• **DATA RECORDS**
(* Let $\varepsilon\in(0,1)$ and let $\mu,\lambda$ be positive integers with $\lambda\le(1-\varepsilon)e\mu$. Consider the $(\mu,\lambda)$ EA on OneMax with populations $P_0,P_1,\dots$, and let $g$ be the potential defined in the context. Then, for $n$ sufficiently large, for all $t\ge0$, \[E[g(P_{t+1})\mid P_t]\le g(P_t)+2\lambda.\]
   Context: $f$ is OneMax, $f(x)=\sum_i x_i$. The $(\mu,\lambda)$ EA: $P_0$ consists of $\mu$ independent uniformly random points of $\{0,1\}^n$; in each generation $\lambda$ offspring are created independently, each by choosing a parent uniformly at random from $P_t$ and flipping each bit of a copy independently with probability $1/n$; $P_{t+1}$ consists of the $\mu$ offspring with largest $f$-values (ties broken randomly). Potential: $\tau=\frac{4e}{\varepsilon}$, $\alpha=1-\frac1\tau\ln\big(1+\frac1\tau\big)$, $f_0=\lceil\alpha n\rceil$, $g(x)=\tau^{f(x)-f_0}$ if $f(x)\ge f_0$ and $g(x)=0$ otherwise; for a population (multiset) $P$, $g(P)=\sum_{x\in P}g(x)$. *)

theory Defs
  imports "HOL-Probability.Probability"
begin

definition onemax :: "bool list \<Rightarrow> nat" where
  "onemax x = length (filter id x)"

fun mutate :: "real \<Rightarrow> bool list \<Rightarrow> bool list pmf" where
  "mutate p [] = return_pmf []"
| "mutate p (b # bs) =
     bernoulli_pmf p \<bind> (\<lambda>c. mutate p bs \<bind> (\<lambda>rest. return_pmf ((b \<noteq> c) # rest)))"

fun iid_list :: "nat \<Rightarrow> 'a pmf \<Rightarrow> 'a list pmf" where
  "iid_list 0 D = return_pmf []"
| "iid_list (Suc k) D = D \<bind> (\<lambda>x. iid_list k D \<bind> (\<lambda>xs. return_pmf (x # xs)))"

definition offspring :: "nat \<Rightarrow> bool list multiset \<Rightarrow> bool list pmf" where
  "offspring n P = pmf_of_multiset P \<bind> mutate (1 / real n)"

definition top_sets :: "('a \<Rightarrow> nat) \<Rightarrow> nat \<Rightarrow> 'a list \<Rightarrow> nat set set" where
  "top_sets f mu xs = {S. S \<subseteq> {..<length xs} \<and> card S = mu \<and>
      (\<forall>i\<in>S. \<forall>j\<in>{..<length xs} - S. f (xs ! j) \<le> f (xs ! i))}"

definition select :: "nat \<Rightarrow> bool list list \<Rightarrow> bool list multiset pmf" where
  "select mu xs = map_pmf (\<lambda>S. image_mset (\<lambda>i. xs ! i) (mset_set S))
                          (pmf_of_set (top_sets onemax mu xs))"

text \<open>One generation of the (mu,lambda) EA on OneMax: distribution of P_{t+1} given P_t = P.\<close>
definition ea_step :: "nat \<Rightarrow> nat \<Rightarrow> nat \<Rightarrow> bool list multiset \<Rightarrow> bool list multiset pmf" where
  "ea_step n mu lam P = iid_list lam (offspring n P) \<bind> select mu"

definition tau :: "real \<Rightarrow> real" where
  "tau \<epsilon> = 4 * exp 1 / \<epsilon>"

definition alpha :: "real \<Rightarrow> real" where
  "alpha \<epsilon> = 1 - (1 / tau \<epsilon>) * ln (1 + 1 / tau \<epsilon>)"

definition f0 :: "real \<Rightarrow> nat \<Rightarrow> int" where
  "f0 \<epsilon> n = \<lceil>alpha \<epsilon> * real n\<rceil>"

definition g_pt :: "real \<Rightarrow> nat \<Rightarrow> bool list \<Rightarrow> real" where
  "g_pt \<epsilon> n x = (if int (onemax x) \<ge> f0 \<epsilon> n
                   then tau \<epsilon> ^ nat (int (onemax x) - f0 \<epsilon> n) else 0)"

• **EXERCISE**
Word for word, give back all of the records.

• **COMPLETED EXERCISE**
(* Let $\varepsilon\in(0,1)$ and let $\mu,\lambda$ be positive integers with $\lambda\le(1-\varepsilon)e\mu$. Consider the $(\mu,\lambda)$ EA on OneMax with populations $P_0,P_1,\dots$, and let $g$ be the potential defined in the context. Then, for $n$ sufficiently large, for all $t\ge0$, \[E[g(P_{t+1})\mid P_t]\le g(P_t)+2\lambda.\]
   Context: $f$ is OneMax, $f(x)=\sum_i x_i$. The $(\mu,\lambda)$ EA: $P_0$ consists of $\mu$ independent uniformly random points of $\{0,1\}^n$; in each generation $\lambda$ offspring are created independently, each by choosing a parent uniformly at random from $P_t$ and flipping each bit of a copy independently with probability $1/n$; $P_{t+1}$ consists of the $\mu$ offspring with largest $f$-values (ties broken randomly). Potential: $\tau=\frac{4e}{\varepsilon}$, $\alpha=1-\frac1\tau\ln\big(1+\frac1\tau\big)$, $f_0=\lceil\alpha n\rceil$, $g(x)=\tau^{f(x)-f_0}$ if $f(x)\ge f_0$ and $g(x)=0$ otherwise; for a population (multiset) $P$, $g(P)=\sum_{x\in P}g(x)$. *)

theory Defs
  imports "HOL-Probability.Probability"
begin

definition onemax :: "bool list \<Rightarrow> nat" where
  "onemax x = length (filter id x)"

fun mutate :: "real \<Rightarrow> bool list \<Rightarrow> bool list pmf" where
  "mutate p [] = return_pmf []"
| "mutate p (b # bs) =
     bernoulli_pmf p \<bind> (\<lambda>c. mutate p bs \<bind> (\<lambda>rest. return_pmf ((b \<noteq> c) # rest)))"

fun iid_list :: "nat \<Rightarrow> 'a pmf \<Rightarrow> 'a list pmf" where
  "iid_list 0 D = return_pmf []"
| "iid_list (Suc k) D = D \<bind> (\<lambda>x. iid_list k D \<bind> (\<lambda>xs. return_pmf (x # xs)))"

definition offspring :: "nat \<Rightarrow> bool list multiset \<Rightarrow> bool list pmf" where
  "offspring n P = pmf_of_multiset P \<bind> mutate (1 / real n)"

definition top_sets :: "('a \<Rightarrow> nat) \<Rightarrow> nat \<Rightarrow> 'a list \<Rightarrow> nat set set" where
  "top_sets f mu xs = {S. S \<subseteq> {..<length xs} \<and> card S = mu \<and>
      (\<forall>i\<in>S. \<forall>j\<in>{..<length xs} - S. f (xs ! j) \<le> f (xs ! i))}"

definition select :: "nat \<Rightarrow> bool list list \<Rightarrow> bool list multiset pmf" where
  "select mu xs = map_pmf (\<lambda>S. image_mset (\<lambda>i. xs ! i) (mset_set S))
                          (pmf_of_set (top_sets onemax mu xs))"

text \<open>One generation of the (mu,lambda) EA on OneMax: distribution of P_{t+1} given P_t = P.\<close>
definition ea_step :: "nat \<Rightarrow> nat \<Rightarrow> nat \<Rightarrow> bool list multiset \<Rightarrow> bool list multiset pmf" where
  "ea_step n mu lam P = iid_list lam (offspring n P) \<bind> select mu"

definition tau :: "real \<Rightarrow> real" where
  "tau \<epsilon> = 4 * exp 1 / \<epsilon>"

definition alpha :: "real \<Rightarrow> real" where
  "alpha \<epsilon> = 1 - (1 / tau \<epsilon>) * ln (1 + 1 / tau \<epsilon>)"

definition f0 :: "real \<Rightarrow> nat \<Rightarrow> int" where
  "f0 \<epsilon> n = \<lceil>alpha \<epsilon> * real n\<rceil>"

definition g_pt :: "real \<Rightarrow> nat \<Rightarrow> bool list \<Rightarrow> real" where
  "g_pt \<epsilon> n x = (if int (onemax x) \<ge> f0 \<epsilon> n
                   then tau \<epsilon> ^ nat (int (onemax x) - f0 \<epsilon> n) else 0)"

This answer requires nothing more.